▸ **Task to complete**
Please return all of the data exactly as written.

START Records supplied

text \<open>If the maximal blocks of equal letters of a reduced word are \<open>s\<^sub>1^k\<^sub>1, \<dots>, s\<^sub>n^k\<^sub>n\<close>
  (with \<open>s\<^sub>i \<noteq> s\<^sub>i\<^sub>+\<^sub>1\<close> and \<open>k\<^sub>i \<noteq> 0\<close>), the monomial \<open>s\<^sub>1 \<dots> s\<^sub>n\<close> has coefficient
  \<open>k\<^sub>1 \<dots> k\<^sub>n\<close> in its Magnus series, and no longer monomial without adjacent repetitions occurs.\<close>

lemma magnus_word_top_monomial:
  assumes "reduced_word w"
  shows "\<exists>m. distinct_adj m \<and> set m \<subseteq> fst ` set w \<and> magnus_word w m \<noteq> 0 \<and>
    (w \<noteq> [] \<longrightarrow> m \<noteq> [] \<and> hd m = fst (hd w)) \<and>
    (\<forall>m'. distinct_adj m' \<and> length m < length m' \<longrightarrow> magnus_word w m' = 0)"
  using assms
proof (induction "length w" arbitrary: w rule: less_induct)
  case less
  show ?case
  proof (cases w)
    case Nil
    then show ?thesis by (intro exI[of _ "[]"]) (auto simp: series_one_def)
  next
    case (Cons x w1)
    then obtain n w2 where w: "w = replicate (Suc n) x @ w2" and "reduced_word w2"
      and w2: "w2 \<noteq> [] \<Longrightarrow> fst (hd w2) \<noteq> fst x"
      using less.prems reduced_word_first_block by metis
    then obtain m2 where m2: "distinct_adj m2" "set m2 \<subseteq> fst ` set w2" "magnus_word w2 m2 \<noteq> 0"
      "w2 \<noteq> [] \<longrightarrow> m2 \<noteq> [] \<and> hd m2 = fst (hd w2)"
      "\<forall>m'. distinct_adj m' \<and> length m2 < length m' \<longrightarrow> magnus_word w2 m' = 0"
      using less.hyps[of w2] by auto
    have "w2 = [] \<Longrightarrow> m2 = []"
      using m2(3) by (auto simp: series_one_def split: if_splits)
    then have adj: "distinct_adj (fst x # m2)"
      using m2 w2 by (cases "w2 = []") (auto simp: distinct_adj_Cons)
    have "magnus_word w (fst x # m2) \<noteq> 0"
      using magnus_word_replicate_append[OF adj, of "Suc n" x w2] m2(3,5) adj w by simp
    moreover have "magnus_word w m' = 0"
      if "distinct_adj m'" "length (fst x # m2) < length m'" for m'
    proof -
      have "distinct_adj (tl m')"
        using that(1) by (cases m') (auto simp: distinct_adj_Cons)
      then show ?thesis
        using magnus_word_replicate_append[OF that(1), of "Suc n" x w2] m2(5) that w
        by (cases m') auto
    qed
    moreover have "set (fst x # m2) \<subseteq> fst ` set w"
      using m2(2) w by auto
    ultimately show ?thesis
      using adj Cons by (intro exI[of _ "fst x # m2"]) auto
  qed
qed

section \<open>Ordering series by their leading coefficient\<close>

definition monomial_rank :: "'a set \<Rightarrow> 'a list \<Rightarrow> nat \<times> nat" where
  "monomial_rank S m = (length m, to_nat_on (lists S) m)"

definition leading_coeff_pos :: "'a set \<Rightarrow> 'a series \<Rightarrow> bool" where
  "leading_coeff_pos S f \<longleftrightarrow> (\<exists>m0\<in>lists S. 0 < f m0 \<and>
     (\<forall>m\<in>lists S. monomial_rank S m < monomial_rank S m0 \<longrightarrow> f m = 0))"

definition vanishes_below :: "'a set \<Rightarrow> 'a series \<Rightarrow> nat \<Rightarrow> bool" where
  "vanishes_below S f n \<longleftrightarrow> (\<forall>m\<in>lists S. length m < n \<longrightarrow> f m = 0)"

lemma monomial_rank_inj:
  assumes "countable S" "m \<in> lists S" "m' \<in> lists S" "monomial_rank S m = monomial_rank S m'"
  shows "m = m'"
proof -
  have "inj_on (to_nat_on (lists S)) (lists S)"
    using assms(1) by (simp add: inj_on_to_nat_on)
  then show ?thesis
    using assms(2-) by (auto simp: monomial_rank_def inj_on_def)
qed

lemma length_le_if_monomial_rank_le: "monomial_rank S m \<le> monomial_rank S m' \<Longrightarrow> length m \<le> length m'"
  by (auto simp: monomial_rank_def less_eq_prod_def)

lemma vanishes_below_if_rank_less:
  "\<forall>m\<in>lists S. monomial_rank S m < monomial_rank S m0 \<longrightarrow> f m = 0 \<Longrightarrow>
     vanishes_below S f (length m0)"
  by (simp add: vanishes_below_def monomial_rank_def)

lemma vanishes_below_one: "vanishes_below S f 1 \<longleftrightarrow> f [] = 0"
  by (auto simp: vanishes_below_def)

END Records supplied

▸ **Response**
text \<open>If the maximal blocks of equal letters of a reduced word are \<open>s\<^sub>1^k\<^sub>1, \<dots>, s\<^sub>n^k\<^sub>n\<close>
  (with \<open>s\<^sub>i \<noteq> s\<^sub>i\<^sub>+\<^sub>1\<close> and \<open>k\<^sub>i \<noteq> 0\<close>), the monomial \<open>s\<^sub>1 \<dots> s\<^sub>n\<close> has coefficient
  \<open>k\<^sub>1 \<dots> k\<^sub>n\<close> in its Magnus series, and no longer monomial without adjacent repetitions occurs.\<close>

lemma magnus_word_top_monomial:
  assumes "reduced_word w"
  shows "\<exists>m. distinct_adj m \<and> set m \<subseteq> fst ` set w \<and> magnus_word w m \<noteq> 0 \<and>
    (w \<noteq> [] \<longrightarrow> m \<noteq> [] \<and> hd m = fst (hd w)) \<and>
    (\<forall>m'. distinct_adj m' \<and> length m < length m' \<longrightarrow> magnus_word w m' = 0)"
  using assms
proof (induction "length w" arbitrary: w rule: less_induct)
  case less
  show ?case
  proof (cases w)
    case Nil
    then show ?thesis by (intro exI[of _ "[]"]) (auto simp: series_one_def)
  next
    case (Cons x w1)
    then obtain n w2 where w: "w = replicate (Suc n) x @ w2" and "reduced_word w2"
      and w2: "w2 \<noteq> [] \<Longrightarrow> fst (hd w2) \<noteq> fst x"
      using less.prems reduced_word_first_block by metis
    then obtain m2 where m2: "distinct_adj m2" "set m2 \<subseteq> fst ` set w2" "magnus_word w2 m2 \<noteq> 0"
      "w2 \<noteq> [] \<longrightarrow> m2 \<noteq> [] \<and> hd m2 = fst (hd w2)"
      "\<forall>m'. distinct_adj m' \<and> length m2 < length m' \<longrightarrow> magnus_word w2 m' = 0"
      using less.hyps[of w2] by auto
    have "w2 = [] \<Longrightarrow> m2 = []"
      using m2(3) by (auto simp: series_one_def split: if_splits)
    then have adj: "distinct_adj (fst x # m2)"
      using m2 w2 by (cases "w2 = []") (auto simp: distinct_adj_Cons)
    have "magnus_word w (fst x # m2) \<noteq> 0"
      using magnus_word_replicate_append[OF adj, of "Suc n" x w2] m2(3,5) adj w by simp
    moreover have "magnus_word w m' = 0"
      if "distinct_adj m'" "length (fst x # m2) < length m'" for m'
    proof -
      have "distinct_adj (tl m')"
        using that(1) by (cases m') (auto simp: distinct_adj_Cons)
      then show ?thesis
        using magnus_word_replicate_append[OF that(1), of "Suc n" x w2] m2(5) that w
        by (cases m') auto
    qed
    moreover have "set (fst x # m2) \<subseteq> fst ` set w"
      using m2(2) w by auto
    ultimately show ?thesis
      using adj Cons by (intro exI[of _ "fst x # m2"]) auto
  qed
qed

section \<open>Ordering series by their leading coefficient\<close>

definition monomial_rank :: "'a set \<Rightarrow> 'a list \<Rightarrow> nat \<times> nat" where
  "monomial_rank S m = (length m, to_nat_on (lists S) m)"

definition leading_coeff_pos :: "'a set \<Rightarrow> 'a series \<Rightarrow> bool" where
  "leading_coeff_pos S f \<longleftrightarrow> (\<exists>m0\<in>lists S. 0 < f m0 \<and>
     (\<forall>m\<in>lists S. monomial_rank S m < monomial_rank S m0 \<longrightarrow> f m = 0))"

definition vanishes_below :: "'a set \<Rightarrow> 'a series \<Rightarrow> nat \<Rightarrow> bool" where
  "vanishes_below S f n \<longleftrightarrow> (\<forall>m\<in>lists S. length m < n \<longrightarrow> f m = 0)"

lemma monomial_rank_inj:
  assumes "countable S" "m \<in> lists S" "m' \<in> lists S" "monomial_rank S m = monomial_rank S m'"
  shows "m = m'"
proof -
  have "inj_on (to_nat_on (lists S)) (lists S)"
    using assms(1) by (simp add: inj_on_to_nat_on)
  then show ?thesis
    using assms(2-) by (auto simp: monomial_rank_def inj_on_def)
qed

lemma length_le_if_monomial_rank_le: "monomial_rank S m \<le> monomial_rank S m' \<Longrightarrow> length m \<le> length m'"
  by (auto simp: monomial_rank_def less_eq_prod_def)

lemma vanishes_below_if_rank_less:
  "\<forall>m\<in>lists S. monomial_rank S m < monomial_rank S m0 \<longrightarrow> f m = 0 \<Longrightarrow>
     vanishes_below S f (length m0)"
  by (simp add: vanishes_below_def monomial_rank_def)

lemma vanishes_below_one: "vanishes_below S f 1 \<longleftrightarrow> f [] = 0"
  by (auto simp: vanishes_below_def)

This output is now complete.